> Exercise instructions
Your answer should hold each line of the material that contains the word "kapply".

> Supplied information

(* In the recursion below (with any $\eta>0$, any initial policy $\pi_0$, $Q_1\equiv0$), suppose the bonuses $\mathrm{CB}_k\ge0$ are valid for every $k=1,\dots,K$. Then $$\sum_{k=1}^K\big(\langle\mu^*,r\rangle-\langle\mu^{\pi_k},r\rangle\big)\le 2\sum_{k=1}^K\langle\mu^{\pi_k},\mathrm{CB}_k\rangle+2H+\frac1\eta\mathcal H(\pi^*\|\pi_0)+\frac{\eta H^3K}{2}.$$
   Context: Discounted MDP with finite $\mathcal X$, $\mathcal A$, reward $r:\mathcal X\times\mathcal A\to[0,1]$, transition kernel $P$, discount $\gamma\in(0,1)$, initial distribution $\nu_0$, $H=1/(1-\gamma)$. $(Pf)(x,a)=\sum_{x'}P(x'|x,a)f(x')$. For a policy $\pi$, $\nu^\pi(x)=(1-\gamma)\sum_{t\ge0}\gamma^t\mathbb P_\pi[X_t=x]$ with $X_0\sim\nu_0$, $\mu^\pi(x,a)=\nu^\pi(x)\pi(a|x)$, $\langle\mu,f\rangle=\sum_{x,a}\mu(x,a)f(x,a)$; $\pi^*$ is an optimal policy, $\mu^*=\mu^{\pi^*}$. Conditional relative entropy: $\mathcal H(\pi\|\pi')=\sum_x\nu^\pi(x)\mathrm{KL}(\pi(\cdot|x)\|\pi'(\cdot|x))$. Recursion: $V_k(x)=\frac1\eta\log\sum_a\pi_{k-1}(a|x)e^{\eta Q_k(x,a)}$, $\pi_k(a|x)=\pi_{k-1}(a|x)e^{\eta(Q_k(x,a)-V_k(x))}$, $Q_{k+1}=\Pi_H[r+\mathrm{CB}_k+\gamma\widehat P_kV_k]$, where $\widehat P_k$ is any real function on $\mathcal X\times\mathcal A\times\mathcal X$ acting by $(\widehat P_kf)(x,a)=\sum_{x'}\widehat P_k(x'|x,a)f(x')$, and $\Pi_Hf(z)=\max(\min(f(z),H),0)$. Validity for epoch $k$: for all $(x,a)$, $\big|\gamma\sum_{x'}(P(x'|x,a)-\widehat P_k(x'|x,a))V_k(x')\big|\le\mathrm{CB}_k(x,a)$. *)

theory Defs
  imports Complex_Main "HOL-Library.Extended_Real"
begin

(* Finite state type 'x, finite action type 'a.
   Policies: pol x a = pol(a|x).  Kernels: P x a x' = P(x'|x,a). *)

definition is_dist :: "('x::finite \<Rightarrow> real) \<Rightarrow> bool" where
  "is_dist d \<longleftrightarrow> (\<forall>x. d x \<ge> 0) \<and> (\<Sum>x\<in>UNIV. d x) = 1"

definition is_policy :: "('x::finite \<Rightarrow> 'a::finite \<Rightarrow> real) \<Rightarrow> bool" where
  "is_policy pol \<longleftrightarrow> (\<forall>x. is_dist (pol x))"

definition is_kernel :: "('x::finite \<Rightarrow> 'a::finite \<Rightarrow> 'x \<Rightarrow> real) \<Rightarrow> bool" where
  "is_kernel P \<longleftrightarrow> (\<forall>x a. is_dist (P x a))"

primrec state_dist ::
  "('x::finite \<Rightarrow> 'a::finite \<Rightarrow> 'x \<Rightarrow> real) \<Rightarrow> ('x \<Rightarrow> real) \<Rightarrow> ('x \<Rightarrow> 'a \<Rightarrow> real) \<Rightarrow> nat \<Rightarrow> 'x \<Rightarrow> real"
where
  "state_dist P nu0 pol 0 = nu0"
| "state_dist P nu0 pol (Suc t) =
     (\<lambda>y. \<Sum>x\<in>UNIV. \<Sum>a\<in>UNIV. state_dist P nu0 pol t x * pol x a * P x a y)"

definition occ_state ::
  "real \<Rightarrow> ('x::finite \<Rightarrow> 'a::finite \<Rightarrow> 'x \<Rightarrow> real) \<Rightarrow> ('x \<Rightarrow> real) \<Rightarrow> ('x \<Rightarrow> 'a \<Rightarrow> real) \<Rightarrow> 'x \<Rightarrow> real"
where
  "occ_state \<gamma> P nu0 pol x = (1 - \<gamma>) * (\<Sum>t. \<gamma> ^ t * state_dist P nu0 pol t x)"

definition occ ::
  "real \<Rightarrow> ('x::finite \<Rightarrow> 'a::finite \<Rightarrow> 'x \<Rightarrow> real) \<Rightarrow> ('x \<Rightarrow> real) \<Rightarrow> ('x \<Rightarrow> 'a \<Rightarrow> real) \<Rightarrow> 'x \<Rightarrow> 'a \<Rightarrow> real"
where
  "occ \<gamma> P nu0 pol x a = occ_state \<gamma> P nu0 pol x * pol x a"

definition pair :: "('x::finite \<Rightarrow> 'a::finite \<Rightarrow> real) \<Rightarrow> ('x \<Rightarrow> 'a \<Rightarrow> real) \<Rightarrow> real" where
  "pair mu f = (\<Sum>x\<in>UNIV. \<Sum>a\<in>UNIV. mu x a * f x a)"

definition kapply :: "('x::finite \<Rightarrow> 'a \<Rightarrow> 'x \<Rightarrow> real) \<Rightarrow> ('x \<Rightarrow> real) \<Rightarrow> 'x \<Rightarrow> 'a \<Rightarrow> real" where
  "kapply P f x a = (\<Sum>x'\<in>UNIV. P x a x' * f x')"

definition value_fun ::
  "real \<Rightarrow> ('x::finite \<Rightarrow> 'a::finite \<Rightarrow> 'x \<Rightarrow> real) \<Rightarrow> ('x \<Rightarrow> 'a \<Rightarrow> real) \<Rightarrow> ('x \<Rightarrow> 'a \<Rightarrow> real) \<Rightarrow> 'x \<Rightarrow> real"
where
  "value_fun \<gamma> P r pol x0 =
     (\<Sum>t. \<gamma> ^ t * (\<Sum>x\<in>UNIV. \<Sum>a\<in>UNIV.
          state_dist P (\<lambda>y. if y = x0 then 1 else 0) pol t x * pol x a * r x a))"

definition optimal_policy ::
  "real \<Rightarrow> ('x::finite \<Rightarrow> 'a::finite \<Rightarrow> 'x \<Rightarrow> real) \<Rightarrow> ('x \<Rightarrow> 'a \<Rightarrow> real) \<Rightarrow> ('x \<Rightarrow> 'a \<Rightarrow> real) \<Rightarrow> bool"
where
  "optimal_policy \<gamma> P r pol_s \<longleftrightarrow> is_policy pol_s \<and>
     (\<forall>pol. is_policy pol \<longrightarrow> (\<forall>x. value_fun \<gamma> P r pol x \<le> value_fun \<gamma> P r pol_s x))"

> Response area
definition kapply :: "('x::finite \<Rightarrow> 'a \<Rightarrow> 'x \<Rightarrow> real) \<Rightarrow> ('x \<Rightarrow> real) \<Rightarrow> 'x \<Rightarrow> 'a \<Rightarrow> real" where
  "kapply P f x a = (\<Sum>x'\<in>UNIV. P x a x' * f x')"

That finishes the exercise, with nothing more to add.